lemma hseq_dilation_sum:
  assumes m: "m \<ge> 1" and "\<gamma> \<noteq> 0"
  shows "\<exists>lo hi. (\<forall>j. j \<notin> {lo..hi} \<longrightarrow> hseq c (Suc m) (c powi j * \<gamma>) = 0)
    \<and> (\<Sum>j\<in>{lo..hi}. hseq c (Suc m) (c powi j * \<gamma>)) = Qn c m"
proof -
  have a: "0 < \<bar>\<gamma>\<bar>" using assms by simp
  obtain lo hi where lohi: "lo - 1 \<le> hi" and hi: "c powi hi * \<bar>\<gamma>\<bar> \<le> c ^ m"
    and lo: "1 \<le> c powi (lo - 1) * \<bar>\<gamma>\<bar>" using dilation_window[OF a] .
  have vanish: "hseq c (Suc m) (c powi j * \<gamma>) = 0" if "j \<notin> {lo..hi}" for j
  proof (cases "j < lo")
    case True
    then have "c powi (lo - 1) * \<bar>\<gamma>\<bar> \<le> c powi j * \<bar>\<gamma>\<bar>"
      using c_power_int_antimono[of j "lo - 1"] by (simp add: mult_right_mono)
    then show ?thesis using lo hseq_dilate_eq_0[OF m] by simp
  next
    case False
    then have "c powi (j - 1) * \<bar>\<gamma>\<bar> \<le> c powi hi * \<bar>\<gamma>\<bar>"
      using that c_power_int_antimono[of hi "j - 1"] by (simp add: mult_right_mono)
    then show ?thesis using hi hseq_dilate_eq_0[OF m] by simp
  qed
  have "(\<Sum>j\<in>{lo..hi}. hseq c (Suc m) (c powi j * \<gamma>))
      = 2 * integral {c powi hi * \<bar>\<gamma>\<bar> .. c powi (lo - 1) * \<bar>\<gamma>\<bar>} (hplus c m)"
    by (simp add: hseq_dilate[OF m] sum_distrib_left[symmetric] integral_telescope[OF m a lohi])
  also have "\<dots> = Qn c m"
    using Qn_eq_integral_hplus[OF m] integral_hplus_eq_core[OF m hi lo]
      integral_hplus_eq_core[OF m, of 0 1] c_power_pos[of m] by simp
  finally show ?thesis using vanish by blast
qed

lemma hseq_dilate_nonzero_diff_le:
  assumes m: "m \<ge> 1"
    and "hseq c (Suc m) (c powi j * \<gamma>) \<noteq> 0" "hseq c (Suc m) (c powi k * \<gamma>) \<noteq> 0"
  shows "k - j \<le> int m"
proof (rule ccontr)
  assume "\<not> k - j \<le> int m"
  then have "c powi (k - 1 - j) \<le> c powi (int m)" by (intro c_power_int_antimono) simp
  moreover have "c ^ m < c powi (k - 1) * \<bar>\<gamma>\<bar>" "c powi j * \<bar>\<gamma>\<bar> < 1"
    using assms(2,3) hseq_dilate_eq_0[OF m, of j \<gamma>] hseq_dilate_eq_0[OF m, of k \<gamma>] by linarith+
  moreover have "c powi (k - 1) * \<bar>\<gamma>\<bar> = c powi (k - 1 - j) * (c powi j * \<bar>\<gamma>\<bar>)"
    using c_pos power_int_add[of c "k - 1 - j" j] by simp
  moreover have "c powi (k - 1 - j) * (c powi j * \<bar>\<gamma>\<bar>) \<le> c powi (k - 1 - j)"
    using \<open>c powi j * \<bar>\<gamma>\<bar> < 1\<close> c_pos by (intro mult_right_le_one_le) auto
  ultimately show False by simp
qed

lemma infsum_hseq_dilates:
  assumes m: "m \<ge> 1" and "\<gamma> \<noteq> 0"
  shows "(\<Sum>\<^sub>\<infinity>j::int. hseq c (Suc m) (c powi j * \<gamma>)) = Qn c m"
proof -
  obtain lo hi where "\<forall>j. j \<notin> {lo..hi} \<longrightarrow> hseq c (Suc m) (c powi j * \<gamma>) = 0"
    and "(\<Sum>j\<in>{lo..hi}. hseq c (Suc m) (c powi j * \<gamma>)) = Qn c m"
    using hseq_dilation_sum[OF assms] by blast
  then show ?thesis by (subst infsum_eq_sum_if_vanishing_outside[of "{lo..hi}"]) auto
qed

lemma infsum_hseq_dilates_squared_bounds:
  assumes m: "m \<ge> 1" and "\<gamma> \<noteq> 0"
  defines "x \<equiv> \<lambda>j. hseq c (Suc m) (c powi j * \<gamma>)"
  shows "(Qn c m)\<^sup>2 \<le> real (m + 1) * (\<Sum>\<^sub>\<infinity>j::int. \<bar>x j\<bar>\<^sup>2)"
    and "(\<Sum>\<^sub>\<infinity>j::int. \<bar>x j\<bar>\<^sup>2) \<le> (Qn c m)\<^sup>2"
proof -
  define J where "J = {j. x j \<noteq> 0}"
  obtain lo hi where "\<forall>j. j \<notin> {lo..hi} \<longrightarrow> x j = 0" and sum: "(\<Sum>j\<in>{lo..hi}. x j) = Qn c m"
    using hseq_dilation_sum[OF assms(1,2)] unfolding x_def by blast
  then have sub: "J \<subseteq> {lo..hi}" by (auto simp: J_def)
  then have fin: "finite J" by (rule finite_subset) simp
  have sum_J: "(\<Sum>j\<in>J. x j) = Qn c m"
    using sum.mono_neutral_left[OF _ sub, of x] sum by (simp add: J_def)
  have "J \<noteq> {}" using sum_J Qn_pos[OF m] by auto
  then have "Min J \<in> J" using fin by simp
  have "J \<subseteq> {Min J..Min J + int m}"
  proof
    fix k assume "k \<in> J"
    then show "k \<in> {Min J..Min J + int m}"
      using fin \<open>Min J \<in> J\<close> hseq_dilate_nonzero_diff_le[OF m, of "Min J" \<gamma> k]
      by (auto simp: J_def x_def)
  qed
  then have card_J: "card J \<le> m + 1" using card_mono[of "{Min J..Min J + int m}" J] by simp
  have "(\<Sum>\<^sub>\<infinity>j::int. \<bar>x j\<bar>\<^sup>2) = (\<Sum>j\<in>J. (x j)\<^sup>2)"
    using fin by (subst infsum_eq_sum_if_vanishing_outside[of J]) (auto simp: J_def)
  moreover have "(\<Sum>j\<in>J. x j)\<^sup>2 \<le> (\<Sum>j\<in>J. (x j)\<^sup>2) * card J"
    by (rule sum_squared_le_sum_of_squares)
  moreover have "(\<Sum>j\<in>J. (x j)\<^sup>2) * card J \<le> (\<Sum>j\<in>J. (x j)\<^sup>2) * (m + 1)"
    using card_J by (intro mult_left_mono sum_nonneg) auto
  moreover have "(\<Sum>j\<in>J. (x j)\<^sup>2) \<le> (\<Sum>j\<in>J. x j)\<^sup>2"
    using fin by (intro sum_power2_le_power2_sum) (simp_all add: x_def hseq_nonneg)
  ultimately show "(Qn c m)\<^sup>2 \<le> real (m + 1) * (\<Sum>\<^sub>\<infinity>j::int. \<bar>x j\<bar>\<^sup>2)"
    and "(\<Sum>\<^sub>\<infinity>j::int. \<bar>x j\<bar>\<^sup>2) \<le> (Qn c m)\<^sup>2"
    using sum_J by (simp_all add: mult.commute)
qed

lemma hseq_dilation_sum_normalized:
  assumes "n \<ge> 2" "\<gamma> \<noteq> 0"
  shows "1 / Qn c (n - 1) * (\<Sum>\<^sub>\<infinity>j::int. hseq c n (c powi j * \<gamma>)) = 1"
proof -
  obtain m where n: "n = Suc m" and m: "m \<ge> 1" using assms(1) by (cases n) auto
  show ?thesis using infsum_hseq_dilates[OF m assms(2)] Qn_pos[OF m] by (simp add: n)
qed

## Work instruction:
Reproduce the lines above. Leave each one as it is.

## Exercise response:
lemma hseq_dilation_sum:
  assumes m: "m \<ge> 1" and "\<gamma> \<noteq> 0"
  shows "\<exists>lo hi. (\<forall>j. j \<notin> {lo..hi} \<longrightarrow> hseq c (Suc m) (c powi j * \<gamma>) = 0)
    \<and> (\<Sum>j\<in>{lo..hi}. hseq c (Suc m) (c powi j * \<gamma>)) = Qn c m"
proof -
  have a: "0 < \<bar>\<gamma>\<bar>" using assms by simp
  obtain lo hi where lohi: "lo - 1 \<le> hi" and hi: "c powi hi * \<bar>\<gamma>\<bar> \<le> c ^ m"
    and lo: "1 \<le> c powi (lo - 1) * \<bar>\<gamma>\<bar>" using dilation_window[OF a] .
  have vanish: "hseq c (Suc m) (c powi j * \<gamma>) = 0" if "j \<notin> {lo..hi}" for j
  proof (cases "j < lo")
    case True
    then have "c powi (lo - 1) * \<bar>\<gamma>\<bar> \<le> c powi j * \<bar>\<gamma>\<bar>"
      using c_power_int_antimono[of j "lo - 1"] by (simp add: mult_right_mono)
    then show ?thesis using lo hseq_dilate_eq_0[OF m] by simp
  next
    case False
    then have "c powi (j - 1) * \<bar>\<gamma>\<bar> \<le> c powi hi * \<bar>\<gamma>\<bar>"
      using that c_power_int_antimono[of hi "j - 1"] by (simp add: mult_right_mono)
    then show ?thesis using hi hseq_dilate_eq_0[OF m] by simp
  qed
  have "(\<Sum>j\<in>{lo..hi}. hseq c (Suc m) (c powi j * \<gamma>))
      = 2 * integral {c powi hi * \<bar>\<gamma>\<bar> .. c powi (lo - 1) * \<bar>\<gamma>\<bar>} (hplus c m)"
    by (simp add: hseq_dilate[OF m] sum_distrib_left[symmetric] integral_telescope[OF m a lohi])
  also have "\<dots> = Qn c m"
    using Qn_eq_integral_hplus[OF m] integral_hplus_eq_core[OF m hi lo]
      integral_hplus_eq_core[OF m, of 0 1] c_power_pos[of m] by simp
  finally show ?thesis using vanish by blast
qed

lemma hseq_dilate_nonzero_diff_le:
  assumes m: "m \<ge> 1"
    and "hseq c (Suc m) (c powi j * \<gamma>) \<noteq> 0" "hseq c (Suc m) (c powi k * \<gamma>) \<noteq> 0"
  shows "k - j \<le> int m"
proof (rule ccontr)
  assume "\<not> k - j \<le> int m"
  then have "c powi (k - 1 - j) \<le> c powi (int m)" by (intro c_power_int_antimono) simp
  moreover have "c ^ m < c powi (k - 1) * \<bar>\<gamma>\<bar>" "c powi j * \<bar>\<gamma>\<bar> < 1"
    using assms(2,3) hseq_dilate_eq_0[OF m, of j \<gamma>] hseq_dilate_eq_0[OF m, of k \<gamma>] by linarith+
  moreover have "c powi (k - 1) * \<bar>\<gamma>\<bar> = c powi (k - 1 - j) * (c powi j * \<bar>\<gamma>\<bar>)"
    using c_pos power_int_add[of c "k - 1 - j" j] by simp
  moreover have "c powi (k - 1 - j) * (c powi j * \<bar>\<gamma>\<bar>) \<le> c powi (k - 1 - j)"
    using \<open>c powi j * \<bar>\<gamma>\<bar> < 1\<close> c_pos by (intro mult_right_le_one_le) auto
  ultimately show False by simp
qed

lemma infsum_hseq_dilates:
  assumes m: "m \<ge> 1" and "\<gamma> \<noteq> 0"
  shows "(\<Sum>\<^sub>\<infinity>j::int. hseq c (Suc m) (c powi j * \<gamma>)) = Qn c m"
proof -
  obtain lo hi where "\<forall>j. j \<notin> {lo..hi} \<longrightarrow> hseq c (Suc m) (c powi j * \<gamma>) = 0"
    and "(\<Sum>j\<in>{lo..hi}. hseq c (Suc m) (c powi j * \<gamma>)) = Qn c m"
    using hseq_dilation_sum[OF assms] by blast
  then show ?thesis by (subst infsum_eq_sum_if_vanishing_outside[of "{lo..hi}"]) auto
qed

lemma infsum_hseq_dilates_squared_bounds:
  assumes m: "m \<ge> 1" and "\<gamma> \<noteq> 0"
  defines "x \<equiv> \<lambda>j. hseq c (Suc m) (c powi j * \<gamma>)"
  shows "(Qn c m)\<^sup>2 \<le> real (m + 1) * (\<Sum>\<^sub>\<infinity>j::int. \<bar>x j\<bar>\<^sup>2)"
    and "(\<Sum>\<^sub>\<infinity>j::int. \<bar>x j\<bar>\<^sup>2) \<le> (Qn c m)\<^sup>2"
proof -
  define J where "J = {j. x j \<noteq> 0}"
  obtain lo hi where "\<forall>j. j \<notin> {lo..hi} \<longrightarrow> x j = 0" and sum: "(\<Sum>j\<in>{lo..hi}. x j) = Qn c m"
    using hseq_dilation_sum[OF assms(1,2)] unfolding x_def by blast
  then have sub: "J \<subseteq> {lo..hi}" by (auto simp: J_def)
  then have fin: "finite J" by (rule finite_subset) simp
  have sum_J: "(\<Sum>j\<in>J. x j) = Qn c m"
    using sum.mono_neutral_left[OF _ sub, of x] sum by (simp add: J_def)
  have "J \<noteq> {}" using sum_J Qn_pos[OF m] by auto
  then have "Min J \<in> J" using fin by simp
  have "J \<subseteq> {Min J..Min J + int m}"
  proof
    fix k assume "k \<in> J"
    then show "k \<in> {Min J..Min J + int m}"
      using fin \<open>Min J \<in> J\<close> hseq_dilate_nonzero_diff_le[OF m, of "Min J" \<gamma> k]
      by (auto simp: J_def x_def)
  qed
  then have card_J: "card J \<le> m + 1" using card_mono[of "{Min J..Min J + int m}" J] by simp
  have "(\<Sum>\<^sub>\<infinity>j::int. \<bar>x j\<bar>\<^sup>2) = (\<Sum>j\<in>J. (x j)\<^sup>2)"
    using fin by (subst infsum_eq_sum_if_vanishing_outside[of J]) (auto simp: J_def)
  moreover have "(\<Sum>j\<in>J. x j)\<^sup>2 \<le> (\<Sum>j\<in>J. (x j)\<^sup>2) * card J"
    by (rule sum_squared_le_sum_of_squares)
  moreover have "(\<Sum>j\<in>J. (x j)\<^sup>2) * card J \<le> (\<Sum>j\<in>J. (x j)\<^sup>2) * (m + 1)"
    using card_J by (intro mult_left_mono sum_nonneg) auto
  moreover have "(\<Sum>j\<in>J. (x j)\<^sup>2) \<le> (\<Sum>j\<in>J. x j)\<^sup>2"
    using fin by (intro sum_power2_le_power2_sum) (simp_all add: x_def hseq_nonneg)
  ultimately show "(Qn c m)\<^sup>2 \<le> real (m + 1) * (\<Sum>\<^sub>\<infinity>j::int. \<bar>x j\<bar>\<^sup>2)"
    and "(\<Sum>\<^sub>\<infinity>j::int. \<bar>x j\<bar>\<^sup>2) \<le> (Qn c m)\<^sup>2"
    using sum_J by (simp_all add: mult.commute)
qed

lemma hseq_dilation_sum_normalized:
  assumes "n \<ge> 2" "\<gamma> \<noteq> 0"
  shows "1 / Qn c (n - 1) * (\<Sum>\<^sub>\<infinity>j::int. hseq c n (c powi j * \<gamma>)) = 1"
proof -
  obtain m where n: "n = Suc m" and m: "m \<ge> 1" using assms(1) by (cases n) auto
  show ?thesis using infsum_hseq_dilates[OF m assms(2)] Qn_pos[OF m] by (simp add: n)
qed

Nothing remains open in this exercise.